I have used:
- NestJS with Scheduler
- Bull with Redis
- MikroORM with MongoDB
- LangChain with OpenAI
In simple solution documents will be fetched in a scheduler every 24 hours and then split into batches. Batches will go on bull queue, so the scheduler won't process whole file. It will be more efficient, when Node doesn't process file on a main thread. Because of that it is a showcase, I pushed 10 products on the same queue to process them after creating. In the last step I have used OpenAI to generate a description.
Modules description:
- core - this is core of my application, so there is a product module
- generic - I can use this kind of module across application. I can use custom configuration every time those modules are imported
- supporting - I haven't used this kind of module in this app, but it is not part of core business logic. For example this module could contain authentication logic
- Add
.env
file
DB_PORT=27017
DB_USER=root
DB_PASSWORD=root
DB_NAME=naologic
DB_HOST=naologic-mongo
REDIS_PORT=6379
REDIS_HOST=naologic-redis
OPEN_AI_MAX_TOKENS= #number of tokens
OPEN_AI_API_KEY= #your key
- Run docker compose
docker compose up
- If you want to run scheduler immediately then uncomment line 9 in file main.ts
This solution will involve some cloud services (GCP for example)
- cloud scheduler - this service is responsible for scheduling tasks
- cloud functions - those functions are serverless, so when they are called it doesn't affect your app
Cloud function will fetch the file and split data into batches.

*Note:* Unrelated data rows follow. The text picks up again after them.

lemma series_ext_rank_cases:
  assumes "c \<noteq> e'" "finite A" "c \<notin> A" "e' \<notin> A"
  shows "gf2_rank (insert None (Some ` V)) (series_ext M c e') A = gf2_rank V M A"
    and "gf2_rank (insert None (Some ` V)) (series_ext M c e') (insert c A) =
           gf2_rank V M A + 1"
    and "gf2_rank (insert None (Some ` V)) (series_ext M c e') (insert e' A) =
           gf2_rank V M A + 1"
    and "gf2_rank (insert None (Some ` V)) (series_ext M c e') (insert e' (insert c A)) =
           gf2_rank V M (insert c A) + 1"
proof -
  have proj: "series_proj c e' A = A" "series_proj c e' (insert c A) = A"
    "series_proj c e' (insert e' A) = A" "series_proj c e' (insert e' (insert c A)) = insert c A"
    using assms(1,3,4) by (auto simp: series_proj_def)
  show "gf2_rank (insert None (Some ` V)) (series_ext M c e') A = gf2_rank V M A"
    and "gf2_rank (insert None (Some ` V)) (series_ext M c e') (insert c A) =
           gf2_rank V M A + 1"
    and "gf2_rank (insert None (Some ` V)) (series_ext M c e') (insert e' A) =
           gf2_rank V M A + 1"
    and "gf2_rank (insert None (Some ` V)) (series_ext M c e') (insert e' (insert c A)) =
           gf2_rank V M (insert c A) + 1"
    using assms(2-4) by (simp_all add: series_ext_rank[OF assms(1)] proj)
qed

(* The relation 1 + q/gamma_c = (1 + q/gamma_1)(1 + q/gamma_2) in the form in which
   it is used: it converts the weight of c into the joint weight of c and e'. *)

lemma series_weight_identity:
  fixes q g g1 g2 :: real
  assumes "q \<noteq> 0" "g \<noteq> 0" "g1 \<noteq> 0" "g2 \<noteq> 0"
    and "1 + q / g = (1 + q / g1) * (1 + q / g2)"
  shows "(1 + g1 / q + g2 / q) * g = g1 * g2 / q"
proof -
  have "g1 * g2 * (g + q) = (1 + q / g) * (g * g1 * g2)"
    using assms(2) by (simp add: field_simps)
  also have "\<dots> = ((1 + q / g1) * (1 + q / g2)) * (g * g1 * g2)"
    using assms(5) by simp
  also have "\<dots> = g * (g1 + q) * (g2 + q)"
    using assms(3,4) by (simp add: field_simps)
  finally have "g1 * g2 * (g + q) = g * (g1 + q) * (g2 + q)" .
  hence "q * (g * (q + g1 + g2)) = q * (g1 * g2)" by (simp add: algebra_simps)
  hence "g * (q + g1 + g2) = g1 * g2" using assms(1) by simp
  thus ?thesis using assms(1) by (simp add: field_simps)
qed

(* Tutte polynomial of the series extension, for E = E0 + c: each subset A of E0
   contributes the two terms A, A + c to Z(M) and the four terms A, A + c, A + e',
   A + c + e' to Z(M'), and the rank formulas match them up. *)

lemma tutte_Z_series_ext:
  fixes \<gamma> :: "'e \<Rightarrow> real"
  assumes "q \<noteq> 0" "finite E0" "c \<notin> E0" "e' \<notin> E0" "c \<noteq> e'"
    and weights: "(1 + \<gamma>1 / q + \<gamma>2 / q) * \<gamma> c = \<gamma>1 * \<gamma>2 / q"
  shows "(1 + \<gamma>1 / q + \<gamma>2 / q) * tutte_Z V (insert c E0) M q \<gamma> =
           tutte_Z (insert None (Some ` V)) (insert e' (insert c E0)) (series_ext M c e') q
             (\<gamma>(c := \<gamma>1, e' := \<gamma>2))"
proof -
  let ?V' = "insert None (Some ` V)" and ?M' = "series_ext M c e'"
  let ?\<gamma>' = "\<gamma>(c := \<gamma>1, e' := \<gamma>2)" and ?K = "1 + \<gamma>1 / q + \<gamma>2 / q"
  let ?f = "\<lambda>A. inverse (q ^ gf2_rank V M A) * (\<Prod>e\<in>A. \<gamma> e)"
  let ?h = "\<lambda>A. inverse (q ^ gf2_rank ?V' ?M' A) * (\<Prod>e\<in>A. ?\<gamma>' e)"
  have e'E: "e' \<notin> insert c E0" using assms(4,5) by simp
  have Z: "tutte_Z V (insert c E0) M q \<gamma> = (\<Sum>A\<in>Pow E0. ?f A + ?f (insert c A))"
    unfolding tutte_Z_def by (simp add: sum_Pow_insert[OF assms(2,3)] sum.distrib)
  have Z': "tutte_Z ?V' (insert e' (insert c E0)) ?M' q ?\<gamma>' =
      (\<Sum>A\<in>Pow E0. ?h A + ?h (insert c A) + ?h (insert e' A) + ?h (insert e' (insert c A)))"
    unfolding tutte_Z_def
    by (simp add: sum_Pow_insert[OF _ e'E] sum_Pow_insert[OF assms(2,3)] assms(2) sum.distrib
        add_ac)
  have "?K * (?f A + ?f (insert c A)) =
      ?h A + ?h (insert c A) + ?h (insert e' A) + ?h (insert e' (insert c A))"
    if "A \<in> Pow E0" for A
  proof -
    have A: "finite A" "c \<notin> A" "e' \<notin> A"
      using that assms(2-4) finite_subset by auto
    define x where "x = inverse (q ^ gf2_rank V M A)"
    define y where "y = inverse (q ^ gf2_rank V M (insert c A))"
    define P where "P = (\<Prod>e\<in>A. \<gamma> e)"
    have "(\<Prod>e\<in>A. ?\<gamma>' e) = P" unfolding P_def using A by (intro prod.cong) auto
    hence h: "?h A = x * P" "?h (insert c A) = x / q * (\<gamma>1 * P)"
      "?h (insert e' A) = x / q * (\<gamma>2 * P)" "?h (insert e' (insert c A)) = y / q * (\<gamma>1 * \<gamma>2 * P)"
      using A assms(5)
      by (simp_all add: series_ext_rank_cases[OF assms(5) A] x_def y_def
          inverse_mult_distrib divide_inverse mult_ac)
    have f: "?f A = x * P" "?f (insert c A) = y * (\<gamma> c * P)"
      using A by (simp_all add: x_def y_def P_def)
    have "?K * (?f A + ?f (insert c A)) = ?K * (x * P) + (?K * \<gamma> c) * (y * P)"
      unfolding f by (simp add: algebra_simps)
    also have "\<dots> = ?K * (x * P) + \<gamma>1 * \<gamma>2 / q * (y * P)"
      by (simp only: weights)
    also have "\<dots> = x * P + x / q * (\<gamma>1 * P) + x / q * (\<gamma>2 * P) + y / q * (\<gamma>1 * \<gamma>2 * P)"
      using assms(1) by (simp add: field_simps)
    finally show ?thesis unfolding h .
  qed
  thus ?thesis unfolding Z Z' sum_distrib_left by (intro sum.cong) auto
qed

theorem mainTheorem5:
  fixes V :: "'v set" and E :: "'e set" and M :: "'v \<Rightarrow> 'e \<Rightarrow> bool"
    and q \<gamma>1 \<gamma>2 :: real and \<gamma> :: "'e \<Rightarrow> real" and c e' :: 'e
  assumes "q \<noteq> 0"
    and "finite V" and "finite E"
    and "c \<in> E" and "e' \<notin> E"
    and "\<gamma> c \<noteq> 0"
    and "\<gamma>1 > 0" and "\<gamma>2 > 0"
    and "1 + q / \<gamma> c = (1 + q / \<gamma>1) * (1 + q / \<gamma>2)"
  shows "\<exists>M' :: 'v option \<Rightarrow> 'e \<Rightarrow> bool.
           (1 + \<gamma>1 / q + \<gamma>2 / q) * tutte_Z V E M q \<gamma>
             = tutte_Z (insert None (Some ` V)) (insert e' E) M' q (\<gamma>(c := \<gamma>1, e' := \<gamma>2))"
proof
  have weights: "(1 + \<gamma>1 / q + \<gamma>2 / q) * \<gamma> c = \<gamma>1 * \<gamma>2 / q"
    using series_weight_identity assms(1,6-9) by simp
  have "c \<noteq> e'" using assms(4,5) by blast
  have "(1 + \<gamma>1 / q + \<gamma>2 / q) * tutte_Z V (insert c (E - {c})) M q \<gamma> =
      tutte_Z (insert None (Some ` V)) (insert e' (insert c (E - {c}))) (series_ext M c e') q
        (\<gamma>(c := \<gamma>1, e' := \<gamma>2))"
    by (rule tutte_Z_series_ext) (use assms(1,3,5) \<open>c \<noteq> e'\<close> weights in auto)
  thus "(1 + \<gamma>1 / q + \<gamma>2 / q) * tutte_Z V E M q \<gamma>
      = tutte_Z (insert None (Some ` V)) (insert e' E) (series_ext M c e') q (\<gamma>(c := \<gamma>1, e' := \<gamma>2))"
    by (simp only: insert_Diff[OF assms(4)])
qed

end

Then it will call endpoint from the app. Probably there can be some kind of a load balancer for example on instance group. Load balancer will take the least used instance and this instance will process documents.
There will be two queues. First one will process products, so it will create and update products. Then it will push message on second queue which will add description enhanced by AI to documents.

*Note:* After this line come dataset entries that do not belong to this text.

text \<open>The local picture of the orbit at one face; all facts about \<open>E\<close> at a face follow from it
  by propositional reasoning.\<close>

lemma orbit_at_face:
  fixes m n :: int
  defines "A \<equiv> (m, n)" and "B \<equiv> (m + 1, n)" and "C \<equiv> (m + 1, n + 1)" and "D \<equiv> (m, n + 1)"
  shows "(A, B) \<in> orbit \<Longrightarrow> A \<in> component \<and> B \<notin> component" "(B, A) \<in> orbit \<Longrightarrow> B \<in> component \<and> A \<notin> component"
   "(B, C) \<in> orbit \<Longrightarrow> B \<in> component \<and> C \<notin> component" "(C, B) \<in> orbit \<Longrightarrow> C \<in> component \<and> B \<notin> component"
   "(C, D) \<in> orbit \<Longrightarrow> C \<in> component \<and> D \<notin> component" "(D, C) \<in> orbit \<Longrightarrow> D \<in> component \<and> C \<notin> component"
   "(D, A) \<in> orbit \<Longrightarrow> D \<in> component \<and> A \<notin> component" "(A, D) \<in> orbit \<Longrightarrow> A \<in> component \<and> D \<notin> component"
   "A \<in> component \<and> B \<notin> component \<Longrightarrow> (A, B) \<in> orbit \<longleftrightarrow>
      (if D \<notin> component then (A, D) \<in> orbit else if C \<notin> component then (D, C) \<in> orbit else (C, B) \<in> orbit)"
   "B \<in> component \<and> C \<notin> component \<Longrightarrow> (B, C) \<in> orbit \<longleftrightarrow>
      (if A \<notin> component then (B, A) \<in> orbit else if D \<notin> component then (A, D) \<in> orbit else (D, C) \<in> orbit)"
   "C \<in> component \<and> D \<notin> component \<Longrightarrow> (C, D) \<in> orbit \<longleftrightarrow>
      (if B \<notin> component then (C, B) \<in> orbit else if A \<notin> component then (B, A) \<in> orbit else (A, D) \<in> orbit)"
   "D \<in> component \<and> A \<notin> component \<Longrightarrow> (D, A) \<in> orbit \<longleftrightarrow>
      (if C \<notin> component then (D, C) \<in> orbit else if B \<notin> component then (C, B) \<in> orbit else (B, A) \<in> orbit)"
proof -
  have leave: "(x, y) \<in> orbit \<Longrightarrow> x \<in> component \<and> y \<notin> component" for x y
    using orbit_boundary[of "(x, y)"] by (simp add: boundary_dart_def)
  have turn: "(x, y) \<in> orbit \<longleftrightarrow> next_dart component (x, y) \<in> orbit" if "x \<in> component \<and> y \<notin> component" "grid_adj x y" for x y
    using orbit_next_iff that by (simp add: boundary_dart_def)
  show "(A, B) \<in> orbit \<Longrightarrow> A \<in> component \<and> B \<notin> component" "(B, A) \<in> orbit \<Longrightarrow> B \<in> component \<and> A \<notin> component"
   "(B, C) \<in> orbit \<Longrightarrow> B \<in> component \<and> C \<notin> component" "(C, B) \<in> orbit \<Longrightarrow> C \<in> component \<and> B \<notin> component"
   "(C, D) \<in> orbit \<Longrightarrow> C \<in> component \<and> D \<notin> component" "(D, C) \<in> orbit \<Longrightarrow> D \<in> component \<and> C \<notin> component"
   "(D, A) \<in> orbit \<Longrightarrow> D \<in> component \<and> A \<notin> component" "(A, D) \<in> orbit \<Longrightarrow> A \<in> component \<and> D \<notin> component"
    by (fact leave)+
  have adj: "grid_adj A B" "grid_adj B C" "grid_adj C D" "grid_adj D A"
    by (simp_all add: A_def B_def C_def D_def grid_adj_def)
  show "A \<in> component \<and> B \<notin> component \<Longrightarrow> (A, B) \<in> orbit \<longleftrightarrow>
      (if D \<notin> component then (A, D) \<in> orbit else if C \<notin> component then (D, C) \<in> orbit else (C, B) \<in> orbit)"
    using turn[OF _ adj(1)] by (simp add: A_def B_def C_def D_def next_dart_east)
  show "B \<in> component \<and> C \<notin> component \<Longrightarrow> (B, C) \<in> orbit \<longleftrightarrow>
      (if A \<notin> component then (B, A) \<in> orbit else if D \<notin> component then (A, D) \<in> orbit else (D, C) \<in> orbit)"
    using turn[OF _ adj(2)] by (simp add: A_def B_def C_def D_def next_dart_north)
  show "C \<in> component \<and> D \<notin> component \<Longrightarrow> (C, D) \<in> orbit \<longleftrightarrow>
      (if B \<notin> component then (C, B) \<in> orbit else if A \<notin> component then (B, A) \<in> orbit else (A, D) \<in> orbit)"
    using turn[OF _ adj(3)] by (simp add: A_def B_def C_def D_def next_dart_west)
  show "D \<in> component \<and> A \<notin> component \<Longrightarrow> (D, A) \<in> orbit \<longleftrightarrow>
      (if C \<notin> component then (D, C) \<in> orbit else if B \<notin> component then (C, B) \<in> orbit else (B, A) \<in> orbit)"
    using turn[OF _ adj(4)] by (simp add: A_def B_def C_def D_def next_dart_south)
qed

This solution is better, because it takes multi instance app into consideration. The first solution uses scheduler, so every instance of app will try to process documents.
- If I want to inform all vendors about product creation, update or deletion then I will use inbox outbox pattern. So firstly I will save event and inform everyone about the change and then I will save entity. For core of my application I want to use this pattern, because message will be delivered at least once.
- If deleted products have an order I will inform every module with event. Then other module probably will send an email with apologize that product is unavailable.